Sergueï Sergeievitch PROKOFIEV

Sontsovka 23 avril 1891 - Moscou 5 mars 1953

 

 

 

Lieutenant Kijé Chanson

 

 

Cavalerie rouge(détail) Kazimir Malevitch Huile sur toile, 1918

 

 

 

 

 

 

 

 

 

 

 

 

 

 

Musique de film commandée et composée en 1934, la partition de Lieutenant Kijé est devenue une oeuvre de concert réjouissante qui se moque de toutes les bureaucraties avec l'acidité des timbres et des rythmes que Prokofiev affectionnait tant...

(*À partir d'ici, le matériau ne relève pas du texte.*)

(* Let $\mathbf x_1,\dots,\mathbf x_n\in\mathbb R^d$ with $\|\mathbf x_i\|_2=1$ be such that $\mathbf H^\infty$ is positive definite. Suppose $y_i=\sum_j\alpha_j(\boldsymbol\beta_j^\top\mathbf x_i)^{p_j}$ for all $i\in[n]$ (a finite sum), where for each $j$, $p_j\in\{1,2,4,6,8,\dots\}$, $\boldsymbol\beta_j\in\mathbb R^d$, $\alpha_j\in\mathbb R$. Then $$\sqrt{\mathbf y^\top(\mathbf H^\infty)^{-1}\mathbf y}\le3\sum_jp_j|\alpha_j|\,\|\boldsymbol\beta_j\|_2^{p_j}.$$
   Context: $\mathbf y=(y_1,\dots,y_n)^\top$; $\mathbf H^\infty_{ij}=\frac{\mathbf x_i^\top\mathbf x_j(\pi-\arccos(\mathbf x_i^\top\mathbf x_j))}{2\pi}$ (equivalently $\mathbb E_{\mathbf w\sim\mathcal N(\mathbf 0,\mathbf I)}[\mathbf x_i^\top\mathbf x_j\mathbb I\{\mathbf w^\top\mathbf x_i\ge0,\mathbf w^\top\mathbf x_j\ge0\}]$). *)

theory Defs
  imports "HOL-Analysis.Analysis"
begin

definition H_inf :: "('n::finite \<Rightarrow> real ^ 'd::finite) \<Rightarrow> real ^ 'n ^ 'n" where
  "H_inf x = (\<chi> i j. (x i \<bullet> x j) * (pi - arccos (x i \<bullet> x j)) / (2 * pi))"

definition pos_def_mat :: "real ^ 'n ^ 'n \<Rightarrow> bool" where
  "pos_def_mat A \<longleftrightarrow> (\<forall>v. v \<noteq> 0 \<longrightarrow> v \<bullet> (A *v v) > 0)"

end

theory Submission
  imports Defs
begin

text \<open>Entrywise, \<open>H\<^sup>\<infinity> = h(x\<^sub>i \<bullet> x\<^sub>j)\<close> with \<open>h t = t/4 + t arcsin t / (2 pi)\<close>, a power series
  in \<open>t\<close> with nonnegative coefficients \<open>c\<^sub>q\<close>. Since every Gram power \<open>((x\<^sub>i \<bullet> x\<^sub>j)\<^sup>q)\<close> is
  positive semidefinite (it is the Gram matrix of the tensor powers of the \<open>x\<^sub>i\<close>), this gives
  \<open>c\<^sub>q u\<^sup>T (x\<^sub>i \<bullet> x\<^sub>j)\<^sup>q u \<le> u\<^sup>T H\<^sup>\<infinity> u\<close>, and \<open>c\<^sub>q \<ge> 1/(3q)\<^sup>2\<close> for \<open>q = 1\<close> and even \<open>q\<close>.
  With \<open>u = (H\<^sup>\<infinity>)\<^sup>-\<^sup>1 y\<close>, Cauchy--Schwarz between \<open>\<beta>\<^sup>\<otimes>\<^sup>p\<close> and \<open>\<Sum>\<^sub>i u\<^sub>i x\<^sub>i\<^sup>\<otimes>\<^sup>p\<close>
  bounds each monomial's contribution to \<open>y\<^sup>T u = u\<^sup>T H\<^sup>\<infinity> u\<close> by
  \<open>3 p |\<alpha>| \<parallel>\<beta>\<parallel>\<^sup>p (u\<^sup>T H\<^sup>\<infinity> u)\<^sup>1\<^sup>/\<^sup>2\<close>.\<close>

text \<open>The coefficients of \<open>(1 - s)\<^sup>-\<^sup>1\<^sup>/\<^sup>2\<close>, namely \<open>(2n choose n) / 4\<^sup>n\<close>.\<close>

definition inv_sqrt_coeff :: "nat \<Rightarrow> real" where
  "inv_sqrt_coeff n = (-1) ^ n * ((-1/2) gchoose n)"

lemma inv_sqrt_coeff_0 [simp]: "inv_sqrt_coeff 0 = 1"
  by (simp add: inv_sqrt_coeff_def)

lemma inv_sqrt_coeff_Suc:
  "inv_sqrt_coeff (Suc n) = inv_sqrt_coeff n * (2 * real n + 1) / (2 * real n + 2)"
proof -
  have rec: "(2 * real n + 2) * ((-1/2) gchoose Suc n) = - ((2 * real n + 1) * ((-1/2) gchoose n))"
    using gbinomial_mult_1[of "-1/2 :: real" n] by (simp add: algebra_simps)
  have "inv_sqrt_coeff (Suc n) * (2 * real n + 2) = - ((-1) ^ n * ((2 * real n + 2) * ((-1/2) gchoose Suc n)))"
    by (simp add: inv_sqrt_coeff_def)
  also have "\<dots> = inv_sqrt_coeff n * (2 * real n + 1)"
    unfolding rec by (simp add: inv_sqrt_coeff_def)
  finally show ?thesis
    by (simp add: field_simps)
qed

lemma inv_sqrt_coeff_pos: "inv_sqrt_coeff n > 0"
  by (induction n) (auto simp: inv_sqrt_coeff_Suc)

lemma inv_sqrt_coeff_le_1: "inv_sqrt_coeff n \<le> 1"
proof (induction n)
  case (Suc n)
  have "inv_sqrt_coeff (Suc n) = inv_sqrt_coeff n * ((2 * real n + 1) / (2 * real n + 2))"
    by (simp add: inv_sqrt_coeff_Suc)
  also have "\<dots> \<le> inv_sqrt_coeff n"
    using inv_sqrt_coeff_pos[of n] by (intro mult_left_le) auto
  finally show ?case using Suc by simp
qed simp

lemma inv_sqrt_coeff_ge: "inv_sqrt_coeff n \<ge> 1 / (real n + 1)"
proof (induction n)
  case (Suc n)
  have "(real n + 1) * (2 * real n + 2) \<le> (2 * real n + 1) * (real (Suc n) + 1)"
    by (simp add: algebra_simps)
  moreover have "(real n + 1) * (2 * real n + 2) > 0"
    by (simp add: add_pos_nonneg)
  ultimately have "1 / (real (Suc n) + 1) \<le> (2 * real n + 1) / ((real n + 1) * (2 * real n + 2))"
    by (simp add: divide_simps)
  then have "1 / (real (Suc n) + 1) \<le> 1 / (real n + 1) * (2 * real n + 1) / (2 * real n + 2)"
    by simp
  also have "\<dots> \<le> inv_sqrt_coeff n * (2 * real n + 1) / (2 * real n + 2)"
    using Suc by (intro divide_right_mono mult_right_mono) auto
  finally show ?case by (simp add: inv_sqrt_coeff_Suc)
qed simp

lemma sums_inv_sqrt_coeff:
  assumes "\<bar>t\<bar> < 1"
  shows "(\<lambda>n. inv_sqrt_coeff n * t ^ (2 * n)) sums inverse (sqrt (1 - t\<^sup>2))"
proof -
  have t2: "t\<^sup>2 < 1" using assms by (simp add: abs_square_less_1)
  then have "(\<lambda>n. ((-1/2) gchoose n) * (- t\<^sup>2) ^ n) sums (1 + - t\<^sup>2) powr (-1/2)"
    by (intro gen_binomial_real) simp
  moreover have "((-1/2) gchoose n) * (- t\<^sup>2) ^ n = inv_sqrt_coeff n * t ^ (2 * n)" for n
  proof -
    have "(- t\<^sup>2) ^ n = (-1) ^ n * t ^ (2 * n)"
      by (metis mult_minus1 power_mult power_mult_distrib)
    then show ?thesis
      by (simp add: inv_sqrt_coeff_def)
  qed
  moreover have "(1 + - t\<^sup>2) powr (-1/2) = inverse (sqrt (1 - t\<^sup>2))"
  proof -
    have "(1 - t\<^sup>2) powr (-1/2) = inverse ((1 - t\<^sup>2) powr (1/2))"
      by (simp add: powr_minus)
    then show ?thesis
      using t2 by (simp add: powr_half_sqrt)
  qed
  ultimately show ?thesis by simp
qed

definition arcsin_coeff :: "nat \<Rightarrow> real" where
  "arcsin_coeff m = (if odd m then inv_sqrt_coeff (m div 2) / real m else 0)"

lemma abs_arcsin_coeff_le_1: "\<bar>arcsin_coeff m\<bar> \<le> 1"
proof (cases "odd m")
  case True
  then have m: "real m \<ge> 1" by (cases m) auto
  have "\<bar>arcsin_coeff m\<bar> = inv_sqrt_coeff (m div 2) / real m"
    using True inv_sqrt_coeff_pos[of "m div 2"] by (simp add: arcsin_coeff_def)
  also have "\<dots> \<le> inv_sqrt_coeff (m div 2)"
    using m inv_sqrt_coeff_pos[of "m div 2"] by (simp add: divide_le_eq mult_le_cancel_left1)
  also have "\<dots> \<le> 1"
    by (rule inv_sqrt_coeff_le_1)
  finally show ?thesis .
qed (simp add: arcsin_coeff_def)

lemma summable_arcsin_coeff:
  assumes "\<bar>t\<bar> < 1"
  shows "summable (\<lambda>m. arcsin_coeff m * t ^ m)"
proof (rule summable_comparison_test)
  show "\<exists>N. \<forall>n\<ge>N. norm (arcsin_coeff n * t ^ n) \<le> \<bar>t\<bar> ^ n"
    using abs_arcsin_coeff_le_1 by (auto simp: abs_mult power_abs intro!: mult_left_le_one_le)
  show "summable (\<lambda>n. \<bar>t\<bar> ^ n)"
    using assms by (simp add: summable_geometric)
qed

lemma diffs_arcsin_coeff: "diffs arcsin_coeff n = (if even n then inv_sqrt_coeff (n div 2) else 0)"
  by (auto simp: diffs_def arcsin_coeff_def)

Après avoir longtemps mené une vie brillante et cosmopolite, Prokofiev éprouve le désir, au début des années trente, de retrouver sa terre natale. La Russie, cependant, est devenue l'URSS, et une fois le compositeur rentré définitivement, en 1938, on ne l'autorisera plus jamais, pendant les quinze ans qui lui resteront à vivre, à quitter le pays. Prokofiev imagine-t-il, en 1934, qu'on puisse lui réserver un pareil traitement ? Car dès cette époque, pour le séduire, les commandes officielles abondent ; elles concernent, pour la plupart, des musiques de scène et de film. Parmi celles-ci, la musique d'un film de Feinzimmer intitulé Lieutenant Kijé, inspiré de Youri Tinianov. Le compositeur y voit «l'occasion de (s)'essayer à un sujet soviétique et de mettre à l'épreuve le public soviétique». Il précise : «Je m'intéresse à un sujet qui défendrait les éléments positifs, les aspects héroïques de la construction socialiste, le nouvel homme, la lutte pour triompher des obstacles.»

L'action, située au XVIIIe siècle mais tout à fait adaptée au XXe, est pourtant d'une ironie mordante, et on peut se demander quelle est la part de la candeur et celle de l'ironie dans le comportement de Prokofiev en 1934, devant ce miroir aux alouettes, et plus encore dans sa décision, en 1938, de se plier aux oukases esthétiques soviétiques dont il sera plus tard lui aussi la victime. Nostalgie irrémissible de la géographie ou aveuglement devant l'histoire ?

André Lischké résume ainsi le sujet du Lieutenant Kijé : «Une erreur de transcription dans un document militaire fait apparaître le nom d'un lieutenant qui n'existe pas (la traduction parfois adoptée, Lieutenant Nant, permet de comprendre la nature de cette méprise). Mais nul n'ose l'avouer au tsar. Il s'ensuit un personnage fantôme, qui sert de prête-nom en diverses circonstances. Le jour où le tsar voudra faire la connaissance de cet officier exemplaire, on lui annoncera sa mort, et assistant à l'enterrement d'un cercueil vide, le tsar dira : “Mes meilleurs hommes s'en vont” !»

Le film ne fut jamais réalisé mais Prokofiev, conscient de la valeur de sa musique, en conçut une suite symphonique qui fait se succéder cinq épisodes orchestraux qui utilisent le saxophone ténor, le xylophone et le célesta. (Une autre version de la suite fait intervenir aussi un baryton.) La Naissance de Kijé, qui se déroule dans une ambiance de caserne et cite le thème mélancolique du lieutenant fantôme, précède une Romance qui reprend la chanson russe «La Colombe grise gémit» orchestrée de manière burlesque. Le Mariage de Kijé est une page de fausse majesté qui alterne avec un thème joyeux confié au cornet à piston. La Troïka qui suit est une chanson de hussard accompagnée par des grelots de traîneau (piano, harpe, cloches). Pour l'Enterrement de Kijé, retour à la musique militaire du début, mais sur le mode tragi-comique ; tous les thèmes précédents passent en revue, rapidement, l'existence de l'officier factice.

Cette musique à la fois nostalgique et gouailleuse, toute soviétique qu'elle fût par son origine, fera son chemin aux États-Unis : dès 1937, l'Orchestre Symphonique de Boston l'interprétera sous la direction de Serge Koussevitzky.